WHAT TO PRODUCE
Copy out, from the entries below, each line that holds the string "length".
──────── INFORMATION PROVIDED
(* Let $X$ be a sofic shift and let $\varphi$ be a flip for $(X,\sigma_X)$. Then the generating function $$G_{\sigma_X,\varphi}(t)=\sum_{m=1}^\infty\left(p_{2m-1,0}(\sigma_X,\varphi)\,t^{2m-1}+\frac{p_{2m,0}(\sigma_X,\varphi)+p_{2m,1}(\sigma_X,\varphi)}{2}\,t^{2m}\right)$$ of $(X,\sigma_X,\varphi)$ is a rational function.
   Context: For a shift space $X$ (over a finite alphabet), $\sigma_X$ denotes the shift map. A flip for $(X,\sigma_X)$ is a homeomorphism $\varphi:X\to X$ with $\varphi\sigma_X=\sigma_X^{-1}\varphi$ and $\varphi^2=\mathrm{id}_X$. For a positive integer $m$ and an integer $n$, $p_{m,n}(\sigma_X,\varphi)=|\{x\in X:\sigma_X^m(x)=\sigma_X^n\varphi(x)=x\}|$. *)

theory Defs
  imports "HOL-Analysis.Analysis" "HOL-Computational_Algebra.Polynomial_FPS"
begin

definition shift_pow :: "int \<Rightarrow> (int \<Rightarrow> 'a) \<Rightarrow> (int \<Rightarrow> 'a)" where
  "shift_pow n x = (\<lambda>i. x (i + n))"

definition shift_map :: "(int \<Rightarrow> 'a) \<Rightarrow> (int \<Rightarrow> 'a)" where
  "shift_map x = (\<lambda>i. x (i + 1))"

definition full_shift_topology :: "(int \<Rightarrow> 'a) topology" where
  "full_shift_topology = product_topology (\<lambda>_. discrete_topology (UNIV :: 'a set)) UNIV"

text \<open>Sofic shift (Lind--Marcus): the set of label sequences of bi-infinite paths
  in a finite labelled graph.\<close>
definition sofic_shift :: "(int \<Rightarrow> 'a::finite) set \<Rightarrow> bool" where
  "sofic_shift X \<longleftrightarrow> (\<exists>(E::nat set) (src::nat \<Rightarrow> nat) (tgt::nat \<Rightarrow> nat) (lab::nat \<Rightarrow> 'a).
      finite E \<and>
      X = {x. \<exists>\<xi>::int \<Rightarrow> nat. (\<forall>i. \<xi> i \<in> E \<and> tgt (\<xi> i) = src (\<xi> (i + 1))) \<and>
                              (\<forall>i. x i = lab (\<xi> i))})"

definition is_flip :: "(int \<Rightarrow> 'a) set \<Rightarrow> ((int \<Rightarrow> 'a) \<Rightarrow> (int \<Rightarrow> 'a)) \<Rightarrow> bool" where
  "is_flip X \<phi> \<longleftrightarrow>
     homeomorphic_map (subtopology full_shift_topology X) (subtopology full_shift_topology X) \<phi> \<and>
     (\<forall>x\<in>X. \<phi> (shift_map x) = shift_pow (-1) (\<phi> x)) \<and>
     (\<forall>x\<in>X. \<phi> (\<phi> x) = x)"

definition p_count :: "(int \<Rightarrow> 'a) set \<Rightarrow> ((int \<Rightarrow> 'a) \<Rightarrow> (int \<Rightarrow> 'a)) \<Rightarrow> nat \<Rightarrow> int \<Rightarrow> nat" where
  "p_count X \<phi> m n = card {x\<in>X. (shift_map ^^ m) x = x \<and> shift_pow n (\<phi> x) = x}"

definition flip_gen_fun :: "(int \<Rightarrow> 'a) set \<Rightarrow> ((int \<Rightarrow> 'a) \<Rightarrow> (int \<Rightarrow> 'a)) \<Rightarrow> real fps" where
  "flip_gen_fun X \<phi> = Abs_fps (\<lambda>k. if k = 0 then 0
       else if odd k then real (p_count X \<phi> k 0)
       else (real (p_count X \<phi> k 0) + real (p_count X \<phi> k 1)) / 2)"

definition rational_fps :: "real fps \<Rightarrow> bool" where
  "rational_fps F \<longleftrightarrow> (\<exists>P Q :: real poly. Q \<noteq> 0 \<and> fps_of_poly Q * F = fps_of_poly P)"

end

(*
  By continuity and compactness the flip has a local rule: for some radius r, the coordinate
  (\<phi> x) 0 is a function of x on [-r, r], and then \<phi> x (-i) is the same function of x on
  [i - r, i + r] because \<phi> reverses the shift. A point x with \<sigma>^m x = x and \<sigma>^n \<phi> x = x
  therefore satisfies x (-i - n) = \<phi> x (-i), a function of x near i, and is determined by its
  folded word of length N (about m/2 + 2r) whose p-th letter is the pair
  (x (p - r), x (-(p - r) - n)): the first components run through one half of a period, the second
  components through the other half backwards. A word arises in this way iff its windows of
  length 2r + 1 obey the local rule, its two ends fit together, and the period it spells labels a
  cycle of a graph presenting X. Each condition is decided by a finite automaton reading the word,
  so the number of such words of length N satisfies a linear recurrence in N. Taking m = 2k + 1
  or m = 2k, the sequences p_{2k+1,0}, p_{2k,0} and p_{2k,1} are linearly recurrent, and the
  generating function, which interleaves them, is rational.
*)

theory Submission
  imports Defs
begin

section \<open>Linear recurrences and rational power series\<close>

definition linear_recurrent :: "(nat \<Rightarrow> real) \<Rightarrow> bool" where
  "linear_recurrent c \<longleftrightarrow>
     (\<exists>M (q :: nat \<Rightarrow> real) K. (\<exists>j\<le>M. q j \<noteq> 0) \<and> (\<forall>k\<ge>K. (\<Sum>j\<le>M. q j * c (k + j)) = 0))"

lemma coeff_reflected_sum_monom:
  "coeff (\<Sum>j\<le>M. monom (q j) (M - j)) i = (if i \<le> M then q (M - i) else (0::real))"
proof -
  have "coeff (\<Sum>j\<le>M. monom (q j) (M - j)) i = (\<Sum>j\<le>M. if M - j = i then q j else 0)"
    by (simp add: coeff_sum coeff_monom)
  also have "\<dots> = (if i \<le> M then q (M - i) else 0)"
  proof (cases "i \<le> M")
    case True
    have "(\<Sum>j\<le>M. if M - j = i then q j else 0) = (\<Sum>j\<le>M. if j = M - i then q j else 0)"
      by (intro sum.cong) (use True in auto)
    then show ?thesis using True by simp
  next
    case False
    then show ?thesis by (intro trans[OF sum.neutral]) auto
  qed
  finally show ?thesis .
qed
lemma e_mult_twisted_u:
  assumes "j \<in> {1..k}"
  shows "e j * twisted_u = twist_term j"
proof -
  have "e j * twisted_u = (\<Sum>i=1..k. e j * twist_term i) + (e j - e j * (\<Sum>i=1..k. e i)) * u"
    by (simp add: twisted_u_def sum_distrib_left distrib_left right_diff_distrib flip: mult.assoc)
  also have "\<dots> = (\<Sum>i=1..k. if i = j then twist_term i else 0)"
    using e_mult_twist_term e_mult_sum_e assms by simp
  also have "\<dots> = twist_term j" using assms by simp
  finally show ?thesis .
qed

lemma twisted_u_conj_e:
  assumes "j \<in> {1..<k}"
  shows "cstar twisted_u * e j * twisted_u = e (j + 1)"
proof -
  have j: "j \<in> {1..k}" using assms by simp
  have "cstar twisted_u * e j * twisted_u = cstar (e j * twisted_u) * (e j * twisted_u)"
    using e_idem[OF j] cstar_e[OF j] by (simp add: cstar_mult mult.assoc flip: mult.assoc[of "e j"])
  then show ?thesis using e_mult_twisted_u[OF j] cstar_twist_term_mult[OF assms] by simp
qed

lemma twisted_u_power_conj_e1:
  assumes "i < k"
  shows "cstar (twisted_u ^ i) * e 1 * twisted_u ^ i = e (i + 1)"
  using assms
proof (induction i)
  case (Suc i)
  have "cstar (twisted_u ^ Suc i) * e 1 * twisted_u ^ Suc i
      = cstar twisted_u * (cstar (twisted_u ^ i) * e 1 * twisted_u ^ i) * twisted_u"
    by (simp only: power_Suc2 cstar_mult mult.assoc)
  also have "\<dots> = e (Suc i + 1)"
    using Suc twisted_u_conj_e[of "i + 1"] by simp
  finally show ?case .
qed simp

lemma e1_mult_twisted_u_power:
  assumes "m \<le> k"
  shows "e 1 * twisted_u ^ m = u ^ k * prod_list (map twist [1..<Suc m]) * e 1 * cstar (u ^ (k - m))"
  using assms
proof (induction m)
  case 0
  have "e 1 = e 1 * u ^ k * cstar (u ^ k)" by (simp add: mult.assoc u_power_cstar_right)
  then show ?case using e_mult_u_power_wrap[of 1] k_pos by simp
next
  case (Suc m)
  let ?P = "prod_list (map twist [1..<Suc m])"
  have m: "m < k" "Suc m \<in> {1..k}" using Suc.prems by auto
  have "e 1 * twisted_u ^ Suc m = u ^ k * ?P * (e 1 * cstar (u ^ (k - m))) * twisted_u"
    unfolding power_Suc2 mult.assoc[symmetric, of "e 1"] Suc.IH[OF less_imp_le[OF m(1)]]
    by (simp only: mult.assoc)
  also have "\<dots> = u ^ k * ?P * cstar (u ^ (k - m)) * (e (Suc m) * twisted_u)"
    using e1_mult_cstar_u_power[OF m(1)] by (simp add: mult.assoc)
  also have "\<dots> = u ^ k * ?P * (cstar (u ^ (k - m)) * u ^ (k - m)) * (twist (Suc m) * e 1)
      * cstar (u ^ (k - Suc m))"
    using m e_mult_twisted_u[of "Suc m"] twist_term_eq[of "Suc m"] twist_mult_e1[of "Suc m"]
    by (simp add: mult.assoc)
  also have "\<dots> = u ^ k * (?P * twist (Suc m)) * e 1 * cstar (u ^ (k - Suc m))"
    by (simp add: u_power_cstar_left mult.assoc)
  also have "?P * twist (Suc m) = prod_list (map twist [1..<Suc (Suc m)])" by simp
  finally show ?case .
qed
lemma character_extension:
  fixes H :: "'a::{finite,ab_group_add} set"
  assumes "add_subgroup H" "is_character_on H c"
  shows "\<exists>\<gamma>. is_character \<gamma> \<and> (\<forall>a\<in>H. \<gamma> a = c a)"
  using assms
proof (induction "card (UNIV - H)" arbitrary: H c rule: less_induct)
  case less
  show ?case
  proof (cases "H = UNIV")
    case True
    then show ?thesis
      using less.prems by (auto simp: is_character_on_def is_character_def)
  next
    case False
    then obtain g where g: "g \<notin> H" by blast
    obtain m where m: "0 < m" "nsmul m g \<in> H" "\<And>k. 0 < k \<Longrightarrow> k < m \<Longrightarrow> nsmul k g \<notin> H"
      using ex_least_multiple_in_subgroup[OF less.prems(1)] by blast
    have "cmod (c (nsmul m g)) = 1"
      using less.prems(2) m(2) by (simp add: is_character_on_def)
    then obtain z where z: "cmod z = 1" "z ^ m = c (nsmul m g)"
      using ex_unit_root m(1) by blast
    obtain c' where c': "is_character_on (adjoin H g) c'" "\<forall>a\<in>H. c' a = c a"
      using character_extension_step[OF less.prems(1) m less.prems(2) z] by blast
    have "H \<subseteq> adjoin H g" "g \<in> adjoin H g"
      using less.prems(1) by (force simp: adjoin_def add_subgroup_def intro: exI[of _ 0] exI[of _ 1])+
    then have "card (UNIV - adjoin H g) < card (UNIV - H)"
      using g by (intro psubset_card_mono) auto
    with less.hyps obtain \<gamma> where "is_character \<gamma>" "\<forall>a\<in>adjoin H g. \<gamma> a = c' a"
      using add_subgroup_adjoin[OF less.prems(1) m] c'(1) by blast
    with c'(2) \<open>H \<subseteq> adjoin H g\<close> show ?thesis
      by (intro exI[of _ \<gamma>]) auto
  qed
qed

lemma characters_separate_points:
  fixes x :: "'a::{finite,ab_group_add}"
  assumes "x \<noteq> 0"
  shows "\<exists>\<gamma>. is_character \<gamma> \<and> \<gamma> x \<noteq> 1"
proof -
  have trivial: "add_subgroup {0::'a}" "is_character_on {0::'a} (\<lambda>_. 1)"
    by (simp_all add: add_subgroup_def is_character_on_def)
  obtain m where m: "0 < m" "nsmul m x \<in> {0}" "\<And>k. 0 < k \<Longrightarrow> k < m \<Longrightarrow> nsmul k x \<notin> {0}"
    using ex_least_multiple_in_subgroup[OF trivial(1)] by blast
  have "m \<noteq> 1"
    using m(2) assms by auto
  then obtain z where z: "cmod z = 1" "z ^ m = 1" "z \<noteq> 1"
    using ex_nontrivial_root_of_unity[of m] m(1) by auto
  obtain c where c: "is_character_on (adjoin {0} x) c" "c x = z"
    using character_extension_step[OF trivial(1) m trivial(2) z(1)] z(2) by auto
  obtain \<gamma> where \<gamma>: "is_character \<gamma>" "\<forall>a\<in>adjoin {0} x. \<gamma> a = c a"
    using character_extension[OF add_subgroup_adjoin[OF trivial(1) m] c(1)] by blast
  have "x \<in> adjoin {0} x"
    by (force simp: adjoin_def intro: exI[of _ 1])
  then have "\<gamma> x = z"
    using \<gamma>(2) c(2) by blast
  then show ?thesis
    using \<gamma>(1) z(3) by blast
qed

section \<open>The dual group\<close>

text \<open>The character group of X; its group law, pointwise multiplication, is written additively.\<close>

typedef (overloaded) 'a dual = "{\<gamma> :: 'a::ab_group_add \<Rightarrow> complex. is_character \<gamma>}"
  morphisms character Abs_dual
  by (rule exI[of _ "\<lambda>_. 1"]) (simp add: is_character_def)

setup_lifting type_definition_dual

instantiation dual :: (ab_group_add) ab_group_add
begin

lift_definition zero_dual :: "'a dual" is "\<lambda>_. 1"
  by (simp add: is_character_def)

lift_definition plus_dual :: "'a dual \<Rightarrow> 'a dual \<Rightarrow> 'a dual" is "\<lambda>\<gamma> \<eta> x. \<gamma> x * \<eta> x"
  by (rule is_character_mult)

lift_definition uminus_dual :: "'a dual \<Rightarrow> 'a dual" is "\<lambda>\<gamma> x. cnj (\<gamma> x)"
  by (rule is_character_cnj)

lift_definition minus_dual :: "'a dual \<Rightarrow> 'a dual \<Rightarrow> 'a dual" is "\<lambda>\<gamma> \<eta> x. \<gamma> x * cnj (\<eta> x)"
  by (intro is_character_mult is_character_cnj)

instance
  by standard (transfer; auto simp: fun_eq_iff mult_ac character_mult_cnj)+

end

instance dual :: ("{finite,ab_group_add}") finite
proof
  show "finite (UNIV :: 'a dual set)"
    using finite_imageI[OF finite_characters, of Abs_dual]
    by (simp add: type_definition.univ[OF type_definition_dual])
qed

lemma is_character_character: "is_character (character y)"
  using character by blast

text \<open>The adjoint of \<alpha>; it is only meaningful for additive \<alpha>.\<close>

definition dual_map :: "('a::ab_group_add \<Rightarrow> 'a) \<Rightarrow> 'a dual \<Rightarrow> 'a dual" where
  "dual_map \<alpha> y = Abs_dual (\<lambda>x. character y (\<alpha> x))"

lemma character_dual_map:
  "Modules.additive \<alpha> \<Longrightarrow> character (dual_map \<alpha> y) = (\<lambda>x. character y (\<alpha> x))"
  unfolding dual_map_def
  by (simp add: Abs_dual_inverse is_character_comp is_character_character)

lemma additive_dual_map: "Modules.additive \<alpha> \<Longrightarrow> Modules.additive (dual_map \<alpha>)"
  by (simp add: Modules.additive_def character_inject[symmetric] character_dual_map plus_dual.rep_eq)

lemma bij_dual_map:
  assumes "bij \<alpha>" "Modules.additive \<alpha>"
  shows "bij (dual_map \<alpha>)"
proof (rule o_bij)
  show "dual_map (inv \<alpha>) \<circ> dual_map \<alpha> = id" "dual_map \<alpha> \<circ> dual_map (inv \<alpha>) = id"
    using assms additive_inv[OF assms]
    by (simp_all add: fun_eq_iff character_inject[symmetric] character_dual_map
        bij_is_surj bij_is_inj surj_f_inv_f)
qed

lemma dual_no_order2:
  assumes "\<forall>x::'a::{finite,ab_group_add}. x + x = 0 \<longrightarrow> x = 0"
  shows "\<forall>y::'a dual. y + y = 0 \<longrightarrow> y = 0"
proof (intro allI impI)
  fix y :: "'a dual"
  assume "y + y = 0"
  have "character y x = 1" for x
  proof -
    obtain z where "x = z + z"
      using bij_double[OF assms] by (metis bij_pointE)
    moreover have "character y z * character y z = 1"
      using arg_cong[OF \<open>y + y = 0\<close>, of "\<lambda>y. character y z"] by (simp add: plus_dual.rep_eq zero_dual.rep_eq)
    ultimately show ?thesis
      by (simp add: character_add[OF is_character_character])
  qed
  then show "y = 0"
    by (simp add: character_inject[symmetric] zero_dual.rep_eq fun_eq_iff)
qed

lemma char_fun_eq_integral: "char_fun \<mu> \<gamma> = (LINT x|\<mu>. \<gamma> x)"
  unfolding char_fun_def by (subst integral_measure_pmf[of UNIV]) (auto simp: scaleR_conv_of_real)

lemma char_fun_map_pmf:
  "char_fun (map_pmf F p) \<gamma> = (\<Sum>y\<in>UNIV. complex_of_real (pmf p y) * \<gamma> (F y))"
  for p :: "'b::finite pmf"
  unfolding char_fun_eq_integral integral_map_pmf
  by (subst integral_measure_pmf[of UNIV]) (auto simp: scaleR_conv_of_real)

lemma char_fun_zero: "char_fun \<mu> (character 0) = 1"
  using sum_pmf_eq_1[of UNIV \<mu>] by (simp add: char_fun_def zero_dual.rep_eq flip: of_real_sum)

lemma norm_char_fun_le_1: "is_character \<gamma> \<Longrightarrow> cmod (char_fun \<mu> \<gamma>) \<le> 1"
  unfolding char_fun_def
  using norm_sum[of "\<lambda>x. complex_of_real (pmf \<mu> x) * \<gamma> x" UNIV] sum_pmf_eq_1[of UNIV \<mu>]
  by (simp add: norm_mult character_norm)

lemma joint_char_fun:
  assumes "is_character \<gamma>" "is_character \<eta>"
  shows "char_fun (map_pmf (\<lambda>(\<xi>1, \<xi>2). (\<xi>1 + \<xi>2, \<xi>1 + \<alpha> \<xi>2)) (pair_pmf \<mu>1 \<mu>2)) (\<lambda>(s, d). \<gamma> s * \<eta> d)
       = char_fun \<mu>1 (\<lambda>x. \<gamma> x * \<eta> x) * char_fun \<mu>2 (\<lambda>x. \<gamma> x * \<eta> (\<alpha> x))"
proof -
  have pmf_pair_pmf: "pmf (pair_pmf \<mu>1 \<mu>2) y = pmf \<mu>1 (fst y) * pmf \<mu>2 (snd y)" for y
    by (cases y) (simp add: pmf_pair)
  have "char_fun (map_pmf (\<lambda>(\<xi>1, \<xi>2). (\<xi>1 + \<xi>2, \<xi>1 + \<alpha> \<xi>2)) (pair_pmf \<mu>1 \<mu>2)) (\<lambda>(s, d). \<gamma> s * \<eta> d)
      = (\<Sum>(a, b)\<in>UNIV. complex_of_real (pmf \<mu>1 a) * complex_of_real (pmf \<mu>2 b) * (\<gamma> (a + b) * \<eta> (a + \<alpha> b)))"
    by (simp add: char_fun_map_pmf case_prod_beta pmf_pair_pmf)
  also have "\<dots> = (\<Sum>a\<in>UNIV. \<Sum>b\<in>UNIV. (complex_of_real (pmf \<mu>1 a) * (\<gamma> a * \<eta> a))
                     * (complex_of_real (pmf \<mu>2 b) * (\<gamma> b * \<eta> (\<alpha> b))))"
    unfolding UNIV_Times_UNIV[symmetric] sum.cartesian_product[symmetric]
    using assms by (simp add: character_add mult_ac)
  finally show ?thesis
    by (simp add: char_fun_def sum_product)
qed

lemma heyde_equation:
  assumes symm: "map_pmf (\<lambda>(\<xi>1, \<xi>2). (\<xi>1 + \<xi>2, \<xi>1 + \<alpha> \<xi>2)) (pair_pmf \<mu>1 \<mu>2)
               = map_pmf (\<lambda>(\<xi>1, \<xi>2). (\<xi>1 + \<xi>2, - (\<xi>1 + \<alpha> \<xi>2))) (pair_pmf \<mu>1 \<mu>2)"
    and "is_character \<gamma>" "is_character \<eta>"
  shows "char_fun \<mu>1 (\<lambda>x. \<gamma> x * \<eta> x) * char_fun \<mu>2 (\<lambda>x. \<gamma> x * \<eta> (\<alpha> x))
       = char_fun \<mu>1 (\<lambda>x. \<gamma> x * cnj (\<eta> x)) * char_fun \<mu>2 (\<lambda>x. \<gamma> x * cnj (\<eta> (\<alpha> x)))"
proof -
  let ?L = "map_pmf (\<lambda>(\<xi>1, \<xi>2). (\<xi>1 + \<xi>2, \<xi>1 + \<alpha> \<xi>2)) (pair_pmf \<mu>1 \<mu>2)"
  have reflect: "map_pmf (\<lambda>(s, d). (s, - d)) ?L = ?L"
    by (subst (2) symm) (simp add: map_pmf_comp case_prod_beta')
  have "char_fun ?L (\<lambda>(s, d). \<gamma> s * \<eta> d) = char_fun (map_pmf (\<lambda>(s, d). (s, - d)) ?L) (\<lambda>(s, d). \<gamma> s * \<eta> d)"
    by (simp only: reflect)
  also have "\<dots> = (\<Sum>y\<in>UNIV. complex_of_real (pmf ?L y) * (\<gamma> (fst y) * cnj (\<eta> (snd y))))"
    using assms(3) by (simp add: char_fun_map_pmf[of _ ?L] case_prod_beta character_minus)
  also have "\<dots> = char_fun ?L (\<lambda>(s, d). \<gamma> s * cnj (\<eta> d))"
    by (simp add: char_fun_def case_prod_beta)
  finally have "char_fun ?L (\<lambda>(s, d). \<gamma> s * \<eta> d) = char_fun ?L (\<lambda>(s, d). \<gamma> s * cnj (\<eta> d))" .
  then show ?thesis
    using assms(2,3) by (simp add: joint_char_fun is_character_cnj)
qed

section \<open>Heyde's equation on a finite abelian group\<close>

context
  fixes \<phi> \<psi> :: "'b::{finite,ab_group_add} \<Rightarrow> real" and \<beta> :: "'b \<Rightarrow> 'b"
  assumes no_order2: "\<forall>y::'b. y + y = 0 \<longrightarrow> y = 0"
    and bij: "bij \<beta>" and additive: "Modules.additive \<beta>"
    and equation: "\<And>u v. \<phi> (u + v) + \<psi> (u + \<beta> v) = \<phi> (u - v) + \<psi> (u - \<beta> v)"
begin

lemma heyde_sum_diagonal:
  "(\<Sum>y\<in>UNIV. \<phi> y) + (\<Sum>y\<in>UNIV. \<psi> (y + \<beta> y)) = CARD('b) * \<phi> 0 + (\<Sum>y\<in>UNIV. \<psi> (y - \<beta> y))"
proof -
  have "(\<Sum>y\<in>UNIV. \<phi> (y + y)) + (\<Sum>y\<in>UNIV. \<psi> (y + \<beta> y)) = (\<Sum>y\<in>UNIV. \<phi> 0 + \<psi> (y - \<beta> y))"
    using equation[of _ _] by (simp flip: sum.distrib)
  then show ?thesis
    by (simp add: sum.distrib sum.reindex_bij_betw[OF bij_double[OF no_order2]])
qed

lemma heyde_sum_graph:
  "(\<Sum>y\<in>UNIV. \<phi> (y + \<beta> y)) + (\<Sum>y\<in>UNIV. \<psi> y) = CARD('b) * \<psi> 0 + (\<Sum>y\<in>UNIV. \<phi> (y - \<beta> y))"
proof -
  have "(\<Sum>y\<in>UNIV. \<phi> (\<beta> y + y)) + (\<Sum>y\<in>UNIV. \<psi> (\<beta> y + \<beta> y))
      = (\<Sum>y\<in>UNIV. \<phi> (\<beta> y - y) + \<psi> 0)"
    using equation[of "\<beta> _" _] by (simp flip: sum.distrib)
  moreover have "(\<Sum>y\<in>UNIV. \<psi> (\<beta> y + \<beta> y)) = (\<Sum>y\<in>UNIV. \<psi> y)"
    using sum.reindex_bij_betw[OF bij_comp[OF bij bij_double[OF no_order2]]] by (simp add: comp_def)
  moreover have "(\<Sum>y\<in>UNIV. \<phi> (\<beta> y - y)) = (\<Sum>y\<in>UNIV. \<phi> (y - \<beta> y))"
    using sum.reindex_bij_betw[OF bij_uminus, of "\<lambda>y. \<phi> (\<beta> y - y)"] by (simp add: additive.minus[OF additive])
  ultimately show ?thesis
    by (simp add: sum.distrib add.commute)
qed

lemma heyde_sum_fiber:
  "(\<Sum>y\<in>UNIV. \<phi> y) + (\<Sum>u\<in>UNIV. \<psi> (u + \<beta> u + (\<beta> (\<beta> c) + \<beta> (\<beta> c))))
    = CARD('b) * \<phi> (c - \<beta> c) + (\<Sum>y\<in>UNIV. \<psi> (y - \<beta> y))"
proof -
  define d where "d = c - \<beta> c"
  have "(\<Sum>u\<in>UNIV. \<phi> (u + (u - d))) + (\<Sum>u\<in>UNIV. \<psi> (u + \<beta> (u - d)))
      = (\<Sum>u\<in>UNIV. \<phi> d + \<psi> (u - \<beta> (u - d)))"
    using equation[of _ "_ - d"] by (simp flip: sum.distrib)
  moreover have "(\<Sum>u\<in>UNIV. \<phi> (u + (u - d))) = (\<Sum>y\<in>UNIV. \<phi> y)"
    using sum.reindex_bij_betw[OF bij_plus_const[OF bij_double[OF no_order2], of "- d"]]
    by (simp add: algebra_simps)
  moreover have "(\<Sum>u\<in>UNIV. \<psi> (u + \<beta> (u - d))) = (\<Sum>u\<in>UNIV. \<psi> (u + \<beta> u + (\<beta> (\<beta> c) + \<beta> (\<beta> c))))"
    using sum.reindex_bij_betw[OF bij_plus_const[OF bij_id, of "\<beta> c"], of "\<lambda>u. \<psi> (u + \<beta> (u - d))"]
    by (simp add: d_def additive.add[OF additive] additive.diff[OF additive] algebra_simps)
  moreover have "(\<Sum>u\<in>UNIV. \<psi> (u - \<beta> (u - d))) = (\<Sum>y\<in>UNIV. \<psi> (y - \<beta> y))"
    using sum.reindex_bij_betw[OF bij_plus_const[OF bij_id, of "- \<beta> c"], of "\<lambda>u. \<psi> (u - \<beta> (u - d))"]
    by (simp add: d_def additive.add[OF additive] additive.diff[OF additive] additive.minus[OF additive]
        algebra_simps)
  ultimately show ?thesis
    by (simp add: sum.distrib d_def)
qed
────────────────
SOLUTION
  folded word of length N (about m/2 + 2r) whose p-th letter is the pair
  length 2r + 1 obey the local rule, its two ends fit together, and the period it spells labels a
  so the number of such words of length N satisfies a linear recurrence in N. Taking m = 2k + 1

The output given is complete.